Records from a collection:
○ ○ ○ ○ ○ ○ ○

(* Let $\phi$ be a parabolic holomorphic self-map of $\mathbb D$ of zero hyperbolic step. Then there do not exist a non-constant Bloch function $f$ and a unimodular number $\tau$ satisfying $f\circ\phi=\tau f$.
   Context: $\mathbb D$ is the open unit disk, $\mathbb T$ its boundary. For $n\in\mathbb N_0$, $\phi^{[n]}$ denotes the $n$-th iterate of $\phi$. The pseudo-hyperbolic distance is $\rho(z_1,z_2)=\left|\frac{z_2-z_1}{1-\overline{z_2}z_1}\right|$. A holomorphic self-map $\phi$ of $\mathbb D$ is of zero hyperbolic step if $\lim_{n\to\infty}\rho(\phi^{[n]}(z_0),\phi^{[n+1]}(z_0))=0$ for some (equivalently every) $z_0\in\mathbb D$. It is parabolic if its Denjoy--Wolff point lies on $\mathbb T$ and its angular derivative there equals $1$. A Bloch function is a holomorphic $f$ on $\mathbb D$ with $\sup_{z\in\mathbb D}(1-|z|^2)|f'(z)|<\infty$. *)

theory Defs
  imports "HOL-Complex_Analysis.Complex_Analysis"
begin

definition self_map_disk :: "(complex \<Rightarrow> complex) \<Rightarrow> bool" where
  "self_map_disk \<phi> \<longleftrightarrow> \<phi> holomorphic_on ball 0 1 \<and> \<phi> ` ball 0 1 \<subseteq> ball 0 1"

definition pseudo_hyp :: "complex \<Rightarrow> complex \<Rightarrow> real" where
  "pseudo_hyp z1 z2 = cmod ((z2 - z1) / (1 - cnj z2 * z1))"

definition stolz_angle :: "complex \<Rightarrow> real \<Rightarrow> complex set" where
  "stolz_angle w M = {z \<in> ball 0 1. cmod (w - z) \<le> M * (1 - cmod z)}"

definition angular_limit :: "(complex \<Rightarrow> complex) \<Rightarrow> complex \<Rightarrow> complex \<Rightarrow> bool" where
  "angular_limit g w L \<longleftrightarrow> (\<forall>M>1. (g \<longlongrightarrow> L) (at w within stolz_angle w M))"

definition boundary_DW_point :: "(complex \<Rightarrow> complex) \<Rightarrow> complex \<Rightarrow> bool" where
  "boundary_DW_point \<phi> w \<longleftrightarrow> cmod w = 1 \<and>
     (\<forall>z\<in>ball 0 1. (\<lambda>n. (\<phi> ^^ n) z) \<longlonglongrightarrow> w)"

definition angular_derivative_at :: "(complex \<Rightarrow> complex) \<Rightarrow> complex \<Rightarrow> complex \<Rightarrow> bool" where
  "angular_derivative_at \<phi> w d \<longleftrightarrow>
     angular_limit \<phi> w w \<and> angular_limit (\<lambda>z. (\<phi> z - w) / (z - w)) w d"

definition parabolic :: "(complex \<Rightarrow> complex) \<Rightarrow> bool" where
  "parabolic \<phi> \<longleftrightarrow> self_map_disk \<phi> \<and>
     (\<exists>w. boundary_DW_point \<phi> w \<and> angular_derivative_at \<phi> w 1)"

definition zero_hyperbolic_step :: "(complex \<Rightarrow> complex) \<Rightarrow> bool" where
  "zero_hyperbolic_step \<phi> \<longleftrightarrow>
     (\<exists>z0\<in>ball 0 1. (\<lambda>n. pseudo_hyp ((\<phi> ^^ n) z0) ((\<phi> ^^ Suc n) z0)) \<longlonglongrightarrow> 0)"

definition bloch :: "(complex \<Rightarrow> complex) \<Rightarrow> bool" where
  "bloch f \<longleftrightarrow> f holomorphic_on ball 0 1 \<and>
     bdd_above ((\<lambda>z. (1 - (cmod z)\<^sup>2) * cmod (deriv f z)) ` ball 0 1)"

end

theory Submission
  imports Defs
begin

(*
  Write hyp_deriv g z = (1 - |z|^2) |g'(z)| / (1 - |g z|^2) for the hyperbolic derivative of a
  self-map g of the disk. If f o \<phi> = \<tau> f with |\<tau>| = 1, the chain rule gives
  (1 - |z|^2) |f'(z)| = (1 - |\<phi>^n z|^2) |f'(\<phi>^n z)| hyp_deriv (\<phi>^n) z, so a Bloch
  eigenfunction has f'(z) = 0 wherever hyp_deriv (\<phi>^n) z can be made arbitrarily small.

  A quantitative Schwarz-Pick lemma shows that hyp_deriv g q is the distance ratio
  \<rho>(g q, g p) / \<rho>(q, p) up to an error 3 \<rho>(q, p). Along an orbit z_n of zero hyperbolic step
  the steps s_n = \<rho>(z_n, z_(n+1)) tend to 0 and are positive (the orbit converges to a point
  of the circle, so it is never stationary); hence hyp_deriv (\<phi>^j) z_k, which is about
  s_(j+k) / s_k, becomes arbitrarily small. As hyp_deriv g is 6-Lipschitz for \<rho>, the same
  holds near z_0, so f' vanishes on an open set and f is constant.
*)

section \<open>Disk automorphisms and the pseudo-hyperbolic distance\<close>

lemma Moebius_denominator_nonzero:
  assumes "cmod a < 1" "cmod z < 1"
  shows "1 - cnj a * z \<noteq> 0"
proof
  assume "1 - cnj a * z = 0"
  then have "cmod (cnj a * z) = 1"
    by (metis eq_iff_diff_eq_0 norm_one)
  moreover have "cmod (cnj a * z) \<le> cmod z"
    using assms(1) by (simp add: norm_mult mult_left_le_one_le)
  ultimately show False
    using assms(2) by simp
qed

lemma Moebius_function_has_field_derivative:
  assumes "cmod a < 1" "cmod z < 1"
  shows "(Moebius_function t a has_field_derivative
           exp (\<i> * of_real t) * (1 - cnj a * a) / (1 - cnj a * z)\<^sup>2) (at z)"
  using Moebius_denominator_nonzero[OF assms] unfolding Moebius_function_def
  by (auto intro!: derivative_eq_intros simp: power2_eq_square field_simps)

○ ○ ○ ○ ○ ○ ○

AIM OF THE EXERCISE = Copy out exactly the lines running from the line with "using assms(2) by simp" to the end of the records, inclusive.

OUTPUT OF THE TASK =
    using assms(2) by simp
qed

lemma Moebius_function_has_field_derivative:
  assumes "cmod a < 1" "cmod z < 1"
  shows "(Moebius_function t a has_field_derivative
           exp (\<i> * of_real t) * (1 - cnj a * a) / (1 - cnj a * z)\<^sup>2) (at z)"
  using Moebius_denominator_nonzero[OF assms] unfolding Moebius_function_def
  by (auto intro!: derivative_eq_intros simp: power2_eq_square field_simps)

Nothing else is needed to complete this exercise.